This question was marked as an exact duplicate of an existing question.

  • 4
    $\begingroup$ the multiverse theory is not a scientific theory, it is just sci-fi. $\endgroup$ – AccidentalFourierTransform Dec 1 '16 at 16:54
  • $\begingroup$ I am very sceptical about theory that claims that the number of possible configuration of the universe is finite. It admits implicitly that space and time are discrete (not continuous) which nobodies knows but seems unlikely. See for example this question. $\endgroup$ – user130529 Dec 1 '16 at 17:01
  • $\begingroup$ There are two ways in which I could answer your question: One, from a philosophical perspective, the idea of "other universes" is meaningless. Since, by definition, such other universes will not interact with our own in any way at all (if they did, they would in fact have to be considered part of "our" universe), nothing can be said about them. Second, as a physicist, I would say that, again by definition, "other universes" are unobservable. This means I cannot apply physics to them, just as I cannot apply physics to dreams and imaginations. $\endgroup$ – Pirx Dec 1 '16 at 17:19
  • $\begingroup$ Please can you identify the source of your information about the Multiverse Theory. It does not seem to be mainstream physics. If there is no accepted Multiverse Theory in cosmology, we cannot explain what it says. $\endgroup$ – sammy gerbil Dec 1 '16 at 17:24
  • $\begingroup$ This is a disaster of a comment section. This is not the place for extended discussion (including sharing questionable opinions about the validity of theories which are, if nothing else, certainly part of the literature). Additional questions certainly do not belong here. $\endgroup$ – DilithiumMatrix Dec 1 '16 at 17:31

As AccidentalFourierTransform pointed out, the multiverse theory is not a scientific theory, it's science fiction. There is a tangentally related scientific theory called the many worlds interpretation of quantum mechanics, but that is a very different question.

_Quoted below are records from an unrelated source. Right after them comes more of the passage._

lemma word_eq_canon_word_self: "word_eq TYPE('j) (length l) (canon_word l l) []"
proof (induction l)
  case Nil
  show ?case by (simp add: word_eq_refl)
next
  case (Cons x r)
  then show ?case using word_eq_map_Suc[OF Cons.IH] by simp
qed

lemma word_eq_canon_word:
  "distinct l \<Longrightarrow> word_eq TYPE('j) (length l) u (canon_word l (fold swap_at u l))"
proof (induction u arbitrary: l)
  case Nil
  show ?case by (simp add: word_eq_sym word_eq_canon_word_self)
next
  case (Cons k u)
  have "distinct (swap_at k l)"
    using Cons.prems mset_eq_imp_distinct_iff mset_swap_at by metis
  then have "word_eq TYPE('j) (length l) ([k] @ u @ [])
      ([k] @ canon_word (swap_at k l) (fold swap_at u (swap_at k l)) @ [])"
    using word_eq_in_context[OF Cons.IH, of "swap_at k l" "[k]" "[]"] by simp
  also have "word_eq TYPE('j) (length l) \<dots> (canon_word l (fold swap_at u (swap_at k l)))"
    using word_eq_swap_canon_word[where 'j = 'j, OF Cons.prems] by simp
  finally show ?case by simp
qed

lemma meq_if_distinct:
  fixes f g :: "'j mexp"
  assumes "distinct l" "mtyped f l l'" "mtyped g l l'"
  shows "meq l l' f g"
proof -
  have word: "h \<approx> mword l (canon_word l l')" if "mtyped h l l'" for h :: "'j mexp"
  proof -
    have h: "mwf h" "msrc h = l" "mtgt h = l'" using that mtyped_iff by blast+
    then have nf: "h \<approx> mword l (word_of h)" using mequiv_mword_word_of by metis
    then have "fold swap_at (word_of h) l = l'" using mequivD h by fastforce
    then have "mword l (word_of h) \<approx> mword l (canon_word l l')"
      using word_eq_canon_word[OF assms(1), of "word_of h"] unfolding word_eq_def by blast
    with nf show ?thesis by (rule mequiv_trans)
  qed
  have "f \<approx> g" using word[OF assms(2)] word[OF assms(3)] mequiv_sym mequiv_trans by blast
  then show ?thesis using assms(2) by (rule mequiv_imp_meq)
qed

theorem lemma4p11:
  fixes J :: "'j set" and L1 L2 :: "'j list"
  assumes "set L1 \<subseteq> J" and "set L2 \<subseteq> J"
  shows "((\<exists>f. mtyped f L1 L2) \<longrightarrow> (linear_slist L2 \<longleftrightarrow> linear_slist L1))
       \<and> ((linear_slist L1 \<or> linear_slist L2) \<longrightarrow>
            (\<forall>f g. mtyped f L1 L2 \<longrightarrow> mtyped g L1 L2 \<longrightarrow> meq L1 L2 f g))"
  unfolding linear_slist_def using mtyped_distinct_iff meq_if_distinct by metis

end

However, despite this, there are a few mathematics lessons to be had here, because infinity is a curious thing. Mathematicians have a very precise set of definitions regarding infinity, and some of them may be counterintuitive.

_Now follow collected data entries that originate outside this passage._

lemma bad_edge_iff_outside_Vcol:
  assumes "E \<subseteq> V \<times> V" "k2_partition V k P" "i \<in> {1..k}" "a \<in> Vrow k P i"
  shows "(a, b) \<in> bad_edges k P E \<longleftrightarrow> (a, b) \<in> E \<and> b \<notin> Vcol k P i"
proof
  assume "(a, b) \<in> bad_edges k P E"
  then obtain x y where "x \<in> {1..k}" "y \<in> {1..k}" "x \<noteq> y" "(a, b) \<in> E"
      "a \<in> Vrow k P x" "b \<in> Vcol k P y"
    unfolding bad_edges_def edges_between_def by (auto split: if_splits)
  with assms show "(a, b) \<in> E \<and> b \<notin> Vcol k P i"
    using Vrow_unique Vcol_unique by metis
next
  assume ab: "(a, b) \<in> E \<and> b \<notin> Vcol k P i"
  then obtain y where "y \<in> {1..k}" "b \<in> Vcol k P y"
    using assms(1) Union_Vcol[OF assms(2)] by blast
  moreover have "y \<noteq> i" using ab calculation by blast
  ultimately show "(a, b) \<in> bad_edges k P E"
    using ab assms(3,4) unfolding bad_edges_def edges_between_def by fastforce
qed

lemma outdeg_good_edges:
  assumes "E \<subseteq> V \<times> V" "k2_partition V k P" "i \<in> {1..k}" "v \<in> Vrow k P i"
  shows "outdeg_in (good_edges k P E) V v = outdeg_in E (Vcol k P i) v"
proof -
  have "{u \<in> V. (v, u) \<in> good_edges k P E} = {u \<in> Vcol k P i. (v, u) \<in> E}"
    using assms Vrow_unique[OF assms(2)] Vcol_subset[OF assms(2)]
    unfolding good_edges_def edges_between_def by blast
  then show ?thesis unfolding outdeg_in_def by simp
qed

lemma bad_edges_subset: "bad_edges k P E \<subseteq> E"
  unfolding bad_edges_def edges_between_def by auto

lemma finite_bad_edges: "\<lbrakk>E \<subseteq> V \<times> V; finite V\<rbrakk> \<Longrightarrow> finite (bad_edges k P E)"
  using bad_edges_subset by (metis finite_SigmaI finite_subset)

lemma outdeg_in_mono: "\<lbrakk>A \<subseteq> B; finite B\<rbrakk> \<Longrightarrow> outdeg_in E A v \<le> outdeg_in E B v"
  unfolding outdeg_in_def by (rule card_mono) auto

lemma outdeg_in_le_card: "finite A \<Longrightarrow> outdeg_in E A v \<le> card A"
  unfolding outdeg_in_def by (rule card_mono) auto

lemma outdeg_in_Un_disjoint:
  "\<lbrakk>finite A; finite B; A \<inter> B = {}\<rbrakk> \<Longrightarrow>
     outdeg_in E (A \<union> B) v = outdeg_in E A v + outdeg_in E B v"
  unfolding outdeg_in_def by (subst card_Un_disjoint[symmetric]) (auto intro: arg_cong[where f = card])

lemma outdeg_in_UN_disjoint:
  assumes "finite I" "\<forall>i\<in>I. finite (A i)" "\<forall>i\<in>I. \<forall>j\<in>I. i \<noteq> j \<longrightarrow> A i \<inter> A j = {}"
  shows "outdeg_in E (\<Union>i\<in>I. A i) v = (\<Sum>i\<in>I. outdeg_in E (A i) v)"
proof -
  have "{u \<in> \<Union>i\<in>I. A i. (v, u) \<in> E} = (\<Union>i\<in>I. {u \<in> A i. (v, u) \<in> E})" by blast
  then show ?thesis
    unfolding outdeg_in_def using assms by (simp add: card_UN_disjoint disjoint_iff)
qed

lemma regular_digraph_finite: "regular_digraph V E d \<Longrightarrow> finite V"
  and regular_digraph_edges: "regular_digraph V E d \<Longrightarrow> E \<subseteq> V \<times> V"
  and regular_digraph_outdeg: "\<lbrakk>regular_digraph V E d; v \<in> V\<rbrakk> \<Longrightarrow> outdeg_in E V v = d"
  unfolding regular_digraph_def digraph_def by auto

lemma regular_outdeg_compl_add:
  assumes "regular_digraph V E d" "v \<in> V" "S \<subseteq> V"
  shows "outdeg_in E (V - S) v + outdeg_in E S v = d"
proof -
  have "finite V" using assms(1) by (rule regular_digraph_finite)
  have "d = outdeg_in E ((V - S) \<union> S) v"
    using assms by (simp add: Un_absorb2 regular_digraph_outdeg)
  also have "\<dots> = outdeg_in E (V - S) v + outdeg_in E S v"
    using \<open>finite V\<close> assms(3) by (intro outdeg_in_Un_disjoint) (auto intro: finite_subset)
  finally show ?thesis by simp
qed

lemma regular_sum_outdeg_Vcol:
  assumes "regular_digraph V E d" "k2_partition V k P" "v \<in> V"
  shows "(\<Sum>y\<in>{1..k}. outdeg_in E (Vcol k P y) v) = d"
proof -
  have "finite V" using assms(1) by (rule regular_digraph_finite)
  then have "\<forall>y\<in>{1..k}. finite (Vcol k P y)"
    using Vcol_subset[OF assms(2)] finite_subset by blast
  then have "(\<Sum>y\<in>{1..k}. outdeg_in E (Vcol k P y) v) = outdeg_in E (\<Union>y\<in>{1..k}. Vcol k P y) v"
    using Vcol_unique[OF assms(2)] by (subst outdeg_in_UN_disjoint) auto
  with assms show ?thesis using Union_Vcol[OF assms(2)] by (simp add: regular_digraph_outdeg)
qed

The first thing to point out is that many of our models of the universe include real numbers. If I say "This ball is 3.005cm away from this pen" I'm doing a measurement, limited by my own accuracy. The models themselves are not limited by my measurement accuracy, suggest that the distance between the ball and the pen could be any real number. This means my simple ball/pen system already has an infinite number of possible configurations! Uncountably infinite, in particular, because there's no way you could count all the possible positions, even if your process of counting took an infinite number of steps.

In quantum mechanics, many of the models involve integers instead of real numbers. If you "define" the universe based around these integers, you will have a countably infinite number of possibilities. This means that you could count all the possibilities, if you were willing to take an infinite number of steps to do it. A bunch of modeling assumptions aside, and ignoring the nuanced difference between countably infinite and uncountably infinite, we still would have an infinite number of multiverses.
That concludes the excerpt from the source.